ZHANG Yaping’s lab at the Kunming Institute of Zoology (KIZ), Chinese Academy of Sciences (CAS) have been busy re-examining precisely how viruses and other organisms engage in a biological arms race with one another by studying the role of the RNASEL gene and its mutations in relation to viral infection and prostate cancer.
The RNASEL gene plays a critical role in combating viral infections. When cells are infected by viruses, interferons induce the expression of OAS (2’, 5’-oligoadenylate synthetase) which activates RNASEL, an enzyme that degrades viral RNA. The important role this gene plays in promoting health is likely why the gene has evolved in so many different organisms—birds, reptiles, and mammals—and why it likely evolved so rapidly. According to the Red Queen hypothesis, a biological “arms race” occurs between pathogen and host, where each increasingly arms itself and evolves to combat the other. Since the RNASEL gene is involved in combating viruses and viral infection, it is quite possible that it was positively selected and bred into numerous populations. ZHANG’s lab confirmed their speculations on the evolution of RNASEL, ZHANG’s lab sequencing the gene in 11 primates, finding a strong genetic basis for the idea that RNASEL is a positively selected trait. But what about humans?
In humans, RNASEL has strong associations with risks of prostate cancer, incidence rates of which vary considerably across different populations. While relatively high in Oceania, North America and Europe, in Africa and Asia, the risks are much lower. Though there are a variety of non-genetic factors that contribute to this—particularly Asian populations’ diet, rich in soy products—DNA sequencing of 144 randomly selected subjects from Africa, Europe, East Asia and South Asia suggested that certain mutations to the RNASEL gene are associated with an increase or decreased risk for prostate cancer.
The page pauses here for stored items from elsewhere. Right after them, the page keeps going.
lemma transfer_op_funpow_factor_bound:
  fixes \<alpha> :: "'a::topological_space \<Rightarrow> 'a"
  assumes C: "compact (UNIV::'a set)" and \<alpha>: "cts \<alpha>" and T: "transfer_op \<alpha> A"
    and u: "cts u" "\<And>x. 0 \<le> u x" and v: "cts v" "\<And>x. 0 \<le> v x"
  shows "(A ^^ (s + m + r)) (\<lambda>x. u ((\<alpha> ^^ (m + r)) x) * v ((\<alpha> ^^ r) x)) x
    \<le> supnorm ((A ^^ r) (\<lambda>_. 1)) * supnorm ((A ^^ m) v) * supnorm ((A ^^ s) u)"
proof -
  let ?R = "(A ^^ r) (\<lambda>_. 1)" and ?K = "supnorm ((A ^^ r) (\<lambda>_. 1)) * supnorm ((A ^^ m) v)"
  \<comment> \<open>The transfer identity moves \<open>v\<close> out of \<open>A ^^ r\<close> and then \<open>u\<close> out of \<open>A ^^ m\<close>.\<close>
  have P: "pos_linear_op (A ^^ j)" for j
    by (rule pos_linear_op_funpow[OF transfer_op_imp_pos_linear_op[OF T]])
  have cR: "cts ?R" by (intro pos_linear_opD[OF P] continuous_intros)
  have cu\<alpha>: "cts (\<lambda>x. u ((\<alpha> ^^ m) x))"
    by (rule continuous_on_compose2[OF u(1) continuous_on_funpow[OF \<alpha>]]) simp
  have cH: "cts (\<lambda>x. v x * ?R x)" by (intro continuous_intros v cR)
  have "(A ^^ r) (\<lambda>x. u ((\<alpha> ^^ (m + r)) x) * v ((\<alpha> ^^ r) x))
      = (\<lambda>x. u ((\<alpha> ^^ m) x) * v x * ?R x)"
    using transfer_op_funpowD[OF T \<alpha> continuous_on_mult[OF cu\<alpha> v(1)], of "\<lambda>_. 1" r]
    by (simp add: funpow_add)
  moreover have "(A ^^ m) (\<lambda>x. u ((\<alpha> ^^ m) x) * v x * ?R x)
      = (\<lambda>x. u x * (A ^^ m) (\<lambda>x. v x * ?R x) x)"
    using transfer_op_funpowD[OF T \<alpha> u(1) cH, of m] by (simp add: mult.assoc)
  moreover have H: "(A ^^ m) (\<lambda>x. v x * ?R x) y \<le> ?K" for y
  proof -
    have "(A ^^ m) (\<lambda>x. v x * ?R x) y \<le> supnorm ?R * (A ^^ m) v y"
      using abs_le_supnorm[OF C cR] v(2)
      by (intro pos_linear_op_le_scaled[OF P cH v(1)])
        (auto simp: mult.commute intro: mult_left_mono order_trans[OF abs_ge_self])
    also have "\<dots> \<le> ?K"
      using abs_le_supnorm[OF C pos_linear_opD(1)[OF P[of m] v(1)], of y] supnorm_nonneg[OF C cR]
      by (intro mult_left_mono) auto
    finally show ?thesis .
  qed
  ultimately have "(A ^^ (s + m + r)) (\<lambda>x. u ((\<alpha> ^^ (m + r)) x) * v ((\<alpha> ^^ r) x)) x
      = (A ^^ s) (\<lambda>y. u y * (A ^^ m) (\<lambda>x. v x * ?R x) y) x"
    by (simp add: funpow_add)
  also have "\<dots> \<le> ?K * (A ^^ s) u x"
    using H u(2) by (intro pos_linear_op_le_scaled[OF P _ u(1)])
      (auto intro!: continuous_intros u(1) pos_linear_opD(1)[OF P] cH simp: mult.commute intro: mult_left_mono)
  also have "\<dots> \<le> ?K * supnorm ((A ^^ s) u)"
    using abs_le_supnorm[OF C pos_linear_opD(1)[OF P[of s] u(1)], of x] supnorm_nonneg[OF C cR]
      supnorm_nonneg[OF C pos_linear_opD(1)[OF P[of m] v(1)]]
    by (intro mult_left_mono) auto
  finally show ?thesis .
qed

lemma exp_sum_le_sum_exp_card:
  assumes "finite I" "I \<noteq> {}"
  shows "exp (\<Sum>r\<in>I. y r) \<le> (\<Sum>r\<in>I. exp (real (card I) * y r))"
proof -
  have "Max (y ` I) \<in> y ` I" using assms by (intro Max_in) auto
  then obtain r0 where r0: "r0 \<in> I" "y r0 = Max (y ` I)" by (metis imageE)
  have "(\<Sum>r\<in>I. y r) \<le> real (card I) * y r0"
    using r0 assms by (intro sum_bounded_above) simp
  then have "exp (\<Sum>r\<in>I. y r) \<le> exp (real (card I) * y r0)" by simp
  also have "\<dots> \<le> (\<Sum>r\<in>I. exp (real (card I) * y r))"
    by (rule member_le_sum[OF r0(1)]) (use assms in auto)
  finally show ?thesis .
qed

lemma weighted_iterate_supnorm_le:
  fixes \<alpha> :: "'a::topological_space \<Rightarrow> 'a"
  assumes C: "compact (UNIV :: 'a set)" and \<alpha>: "cts \<alpha>" and T: "transfer_op \<alpha> A"
    and \<phi>: "cts \<phi>" and n: "n \<ge> 1"
  shows "supnorm ((wop \<phi> A ^^ (n * Suc k)) (\<lambda>_. 1))
     \<le> (\<Sum>r<n. supnorm ((A ^^ r) (\<lambda>_. 1)) * supnorm ((A ^^ (n - r)) (\<lambda>y. exp (real n * \<phi> y))))
        * supnorm ((wop (\<lambda>x. real n * \<phi> x) (A ^^ n) ^^ k) (\<lambda>_. 1))"
    (is "_ \<le> (\<Sum>r<n. ?c r * ?c' r) * supnorm ?P")
proof -
  define u where "u = (\<lambda>y. exp (real n * \<phi> y))"
  define v where "v = (\<lambda>x. exp (birkhoff_sum (\<alpha> ^^ n) (\<lambda>x. real n * \<phi> x) k x))"
  \<comment> \<open>\<open>G r\<close> collects the terms of \<open>birkhoff_sum \<alpha> \<phi> (n * Suc k)\<close> with index \<open>\<equiv> r mod n\<close>.\<close>
  define G where "G r x = birkhoff_sum (\<alpha> ^^ n) \<phi> (Suc k) ((\<alpha> ^^ r) x)" for r x
  have P: "pos_linear_op (A ^^ j)" for j
    by (rule pos_linear_op_funpow[OF transfer_op_imp_pos_linear_op[OF T]])
  have \<alpha>n: "cts (\<alpha> ^^ j)" for j by (rule continuous_on_funpow[OF \<alpha>])
  have cn\<phi>: "cts (\<lambda>x. real n * \<phi> x)" by (intro continuous_intros \<phi>)
  have cu: "cts u" and cv: "cts v" unfolding u_def v_def
    by (intro continuous_intros \<phi> continuous_on_birkhoff_sum \<alpha>n cn\<phi>)+
  have cG: "cts (G r)" for r
    using continuous_on_compose2[OF continuous_on_birkhoff_sum[OF \<alpha>n \<phi>] \<alpha>n]
    unfolding G_def by simp
  have P_eq: "?P = (A ^^ (n * k)) v"
    using wop_funpow_one[OF transfer_op_funpow[OF T \<alpha>] \<alpha>n cn\<phi>] by (simp add: v_def funpow_mult)
  have G_split: "exp (real n * G r x) = u ((\<alpha> ^^ (n * k + r)) x) * v ((\<alpha> ^^ r) x)" for r x
  proof -
    have "((\<alpha> ^^ n) ^^ k) ((\<alpha> ^^ r) x) = (\<alpha> ^^ (n * k + r)) x"
      by (simp add: funpow_mult funpow_add)
    then show ?thesis
      by (simp add: G_def u_def v_def birkhoff_sum_def sum_distrib_left distrib_left exp_add)
  qed
  have term_le: "(A ^^ (n * Suc k)) (\<lambda>x. exp (real n * G r x)) x \<le> ?c r * supnorm ?P * ?c' r"
    if "r < n" for r x
  proof -
    have "n * Suc k = (n - r) + n * k + r" using that by simp
    then show ?thesis
      using transfer_op_funpow_factor_bound[OF C \<alpha> T cu _ cv, of "n - r" "n * k" r x]
      unfolding G_split P_eq u_def v_def by simp
  qed
  have "(wop \<phi> A ^^ (n * Suc k)) (\<lambda>_. 1) = (A ^^ (n * Suc k)) (\<lambda>x. exp (\<Sum>r<n. G r x))"
    unfolding wop_funpow_one[OF T \<alpha> \<phi>] G_def birkhoff_sum_mult ..
  moreover have "\<bar>(A ^^ (n * Suc k)) (\<lambda>x. exp (\<Sum>r<n. G r x)) x\<bar>
      \<le> (\<Sum>r<n. ?c r * ?c' r) * supnorm ?P" for x
  proof -
    have c\<Sigma>: "cts (\<lambda>x. exp (\<Sum>r<n. G r x))" by (intro continuous_intros cG)
    have exp_le: "exp (\<Sum>r<n. G r y) \<le> (\<Sum>r<n. exp (real n * G r y))" for y
      using exp_sum_le_sum_exp_card[of "{..<n}" "\<lambda>r. G r y"] n by (simp add: lessThan_empty_iff)
    have nonneg: "0 \<le> (A ^^ (n * Suc k)) (\<lambda>x. exp (\<Sum>r<n. G r x)) x"
      by (rule pos_linear_opD(4)[OF P c\<Sigma>]) simp
    have "(A ^^ (n * Suc k)) (\<lambda>x. exp (\<Sum>r<n. G r x)) x
        \<le> (A ^^ (n * Suc k)) (\<lambda>x. \<Sum>r<n. exp (real n * G r x)) x"
      using exp_le by (intro pos_linear_op_mono[OF P c\<Sigma>]) (auto intro!: continuous_intros cG)
    also have "\<dots> = (\<Sum>r<n. (A ^^ (n * Suc k)) (\<lambda>x. exp (real n * G r x)) x)"
      by (subst pos_linear_op_sum[OF P]) (auto intro!: continuous_intros cG)
    also have "\<dots> \<le> (\<Sum>r<n. ?c r * supnorm ?P * ?c' r)" by (intro sum_mono term_le) simp
    also have "\<dots> = (\<Sum>r<n. ?c r * ?c' r) * supnorm ?P"
      unfolding sum_distrib_right by (simp add: mult_ac)
    finally show ?thesis using nonneg by simp
  qed
  ultimately show ?thesis by (simp add: supnorm_le)
qed

lemma subadditive_mult_add_le:
  fixes a :: "nat \<Rightarrow> real"
  assumes sub: "\<And>m l. a (m + l) \<le> a m + a l"
  shows "a (q * p + s) \<le> real q * a p + a s"
proof (induction q)
  case 0 then show ?case by simp
next
  case (Suc q)
  have "a (Suc q * p + s) = a (p + (q * p + s))" by (simp add: algebra_simps)
  also have "\<dots> \<le> a p + a (q * p + s)" by (rule sub)
  finally show ?case using Suc by (simp add: algebra_simps)
qed

lemma subadditive_mult_le:
  fixes a :: "nat \<Rightarrow> real"
  assumes sub: "\<And>m l. a (m + l) \<le> a m + a l" and j: "j \<ge> 1"
  shows "a (j * p) \<le> real j * a p"
  using subadditive_mult_add_le[OF sub, of "j - 1" p p] j
  by (simp add: algebra_simps of_nat_diff mult_eq_if split: if_splits)

lemma subadditive_quotient_le:
  fixes a :: "nat \<Rightarrow> real"
  assumes sub: "\<And>m l. a (m + l) \<le> a m + a l" and p: "p \<ge> 1" and m: "m \<ge> 1"
  shows "a m / real m \<le> a p / real p + ((\<Sum>s<p. \<bar>a s\<bar>) + \<bar>a p\<bar>) / real m"
proof -
  define q where "q = m div p"
  define s where "s = m mod p"
  have ms: "m = q * p + s" unfolding q_def s_def by simp
  have sp: "s < p" unfolding s_def using p by simp
  have pp: "real p > 0" using p by simp
  have "real q * real p \<le> real m" "real m < real q * real p + real p"
    using ms sp by (simp_all flip: of_nat_mult of_nat_add)
  then have "\<bar>real q - real m / real p\<bar> \<le> 1" using pp by (simp add: field_simps abs_le_iff)
  then have "(real q - real m / real p) * a p \<le> \<bar>a p\<bar>"
    using abs_ge_self[of "(real q - real m / real p) * a p"]
      mult_left_le_one_le[of "\<bar>a p\<bar>" "\<bar>real q - real m / real p\<bar>"]
    by (simp add: abs_mult)
  moreover have "a s \<le> (\<Sum>s<p. \<bar>a s\<bar>)"
    using member_le_sum[of s "{..<p}" "\<lambda>s. \<bar>a s\<bar>"] sp by auto
  ultimately have "a m \<le> real m / real p * a p + \<bar>a p\<bar> + (\<Sum>s<p. \<bar>a s\<bar>)"
    using subadditive_mult_add_le[OF sub, of q p s] ms by (simp add: algebra_simps)
  then show ?thesis using m pp by (simp add: field_simps)
qed

lemma subadditive_quotient_tendsto_INF:
  fixes a :: "nat \<Rightarrow> real"
  assumes sub: "\<And>m l. a (m + l) \<le> a m + a l"
  shows "(\<lambda>m. ereal (a m / real m)) \<longlonglongrightarrow> (INF p\<in>{1..}. ereal (a p / real p))"
proof -
  define L where "L = (INF p\<in>{1..}. ereal (a p / real p))"
  have "Limsup sequentially (\<lambda>m. ereal (a m / real m)) \<le> ereal (a p / real p)" if p: "p \<ge> 1" for p
  proof -
    define K where "K = (\<Sum>s<p. \<bar>a s\<bar>) + \<bar>a p\<bar>"
    have "(\<lambda>m. ereal (a p / real p + K / real m)) \<longlonglongrightarrow> ereal (a p / real p + 0)"
      unfolding lim_ereal by (intro tendsto_intros lim_const_over_n)
    then have "Limsup sequentially (\<lambda>m. ereal (a p / real p + K / real m)) = ereal (a p / real p)"
      by (intro lim_imp_Limsup) simp_all
    moreover have "Limsup sequentially (\<lambda>m. ereal (a m / real m))
        \<le> Limsup sequentially (\<lambda>m. ereal (a p / real p + K / real m))"
      using subadditive_quotient_le[OF sub p] unfolding K_def
      by (intro Limsup_mono) (auto simp: eventually_sequentially)
    ultimately show ?thesis by simp
  qed
  then have "Limsup sequentially (\<lambda>m. ereal (a m / real m)) \<le> L"
    unfolding L_def by (auto intro: INF_greatest)
  moreover have "L \<le> Liminf sequentially (\<lambda>m. ereal (a m / real m))"
    unfolding L_def by (rule Liminf_bounded) (auto simp: eventually_sequentially intro: INF_lower)
  ultimately have "Liminf sequentially (\<lambda>m. ereal (a m / real m)) = L"
    "Limsup sequentially (\<lambda>m. ereal (a m / real m)) = L"
    using Liminf_le_Limsup[of sequentially "\<lambda>m. ereal (a m / real m)"] by auto
  then show ?thesis unfolding L_def[symmetric] by (simp add: tendsto_iff_Liminf_eq_Limsup)
qed

lemma tendsto_affine_quotient:
  assumes p: "p \<ge> (1::nat)"
  shows "(\<lambda>j. (c + real j * b) / (real j * real p + 1)) \<longlonglongrightarrow> b / real p"
proof -
  have "(\<lambda>j. (c / real j + b) / (real p + 1 / real j)) \<longlonglongrightarrow> (0 + b) / (real p + 0)"
    using p by (intro tendsto_intros) auto
  moreover have "(c / real j + b) / (real p + 1 / real j) = (c + real j * b) / (real j * real p + 1)"
    if "j \<ge> 1" for j
  proof -
    have "real j > 0" using that by simp
    then have "c / real j + b = (c + real j * b) / real j"
      and "real p + 1 / real j = (real j * real p + 1) / real j"
      by (simp_all add: field_simps)
    with \<open>real j > 0\<close> show ?thesis by simp
  qed
  then have "\<forall>\<^sub>F j in sequentially.
      (c / real j + b) / (real p + 1 / real j) = (c + real j * b) / (real j * real p + 1)"
    by (auto simp: eventually_sequentially)
  ultimately show ?thesis by (simp add: Lim_transform_eventually)
qed

lemma subadditive_rate_compare:
  fixes a b :: "nat \<Rightarrow> real"
  assumes sub_a: "\<And>m l. a (m + l) \<le> a m + a l" and sub_b: "\<And>m l. b (m + l) \<le> b m + b l"
    and n: "n \<ge> 1" and dom: "\<And>k. a (n * Suc k) \<le> c + b k"
  shows "ereal (real n) * (INF p\<in>{1..}. ereal (a p / real p))
    \<le> (INF p\<in>{1..}. ereal (b p / real p))"
proof (rule INF_greatest)
  fix p :: nat assume "p \<in> {1..}"
  then have p: "p \<ge> 1" by simp
  have lim: "(\<lambda>j. ereal ((c + real j * b p) / (real j * real p + 1))) \<longlonglongrightarrow> ereal (b p / real p)"
    using tendsto_affine_quotient[OF p] unfolding lim_ereal .
  show "ereal (real n) * (INF p\<in>{1..}. ereal (a p / real p)) \<le> ereal (b p / real p)"
  proof (rule LIMSEQ_le_const[OF lim], intro exI allI impI)
    fix j :: nat assume j: "1 \<le> j"
    define N where "N = n * Suc (j * p)"
    have "ereal (real n) * (INF p\<in>{1..}. ereal (a p / real p))
        \<le> ereal (real n) * ereal (a N / real N)"
      using n by (intro ereal_mult_left_mono INF_lower) (auto simp: N_def)
    also have "\<dots> = ereal (a N / (real j * real p + 1))"
    proof -
      have "real N = real n * (real j * real p + 1)" by (simp add: N_def algebra_simps)
      then show ?thesis using n by simp
    qed
    also have "\<dots> \<le> ereal ((c + real j * b p) / (real j * real p + 1))"
    proof -
      have "a N \<le> c + real j * b p"
        using dom[of "j * p"] subadditive_mult_le[OF sub_b j, of p] unfolding N_def by linarith
      then show ?thesis by (simp add: divide_right_mono)
    qed
    finally show "ereal (real n) * (INF p\<in>{1..}. ereal (a p / real p))
        \<le> ereal ((c + real j * b p) / (real j * real p + 1))" .
  qed
qed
The DNA sequencing they performed showed that RNASEL genes containing 541D polymorphisms likely have a greater ability to defend against viruses, which are often associated with early stages of prostate cancer. This finding suggests a protective effect of RNASEL mutations,with the 462R-541D substitutions allowing for a more effective activity of the enzyme to defend against infections, thereby substantially reducing the onset of prostate cancer. The RNASEL haplotype 462R-541D likely then evolved because of the advantage it gave in defending against viral infections.
Though previous studies have shown that the evolution of protection against viruses often comes at the cost of developing traits making populations susceptible to cancer, ZHANG’s research proposes a different model, where an evolved defense against viral infections is actually linked to a reduction in the risk of cancer. This new model will likely have significant impact on how we view and understand the co-evolution, or arms race, of organisms and disease.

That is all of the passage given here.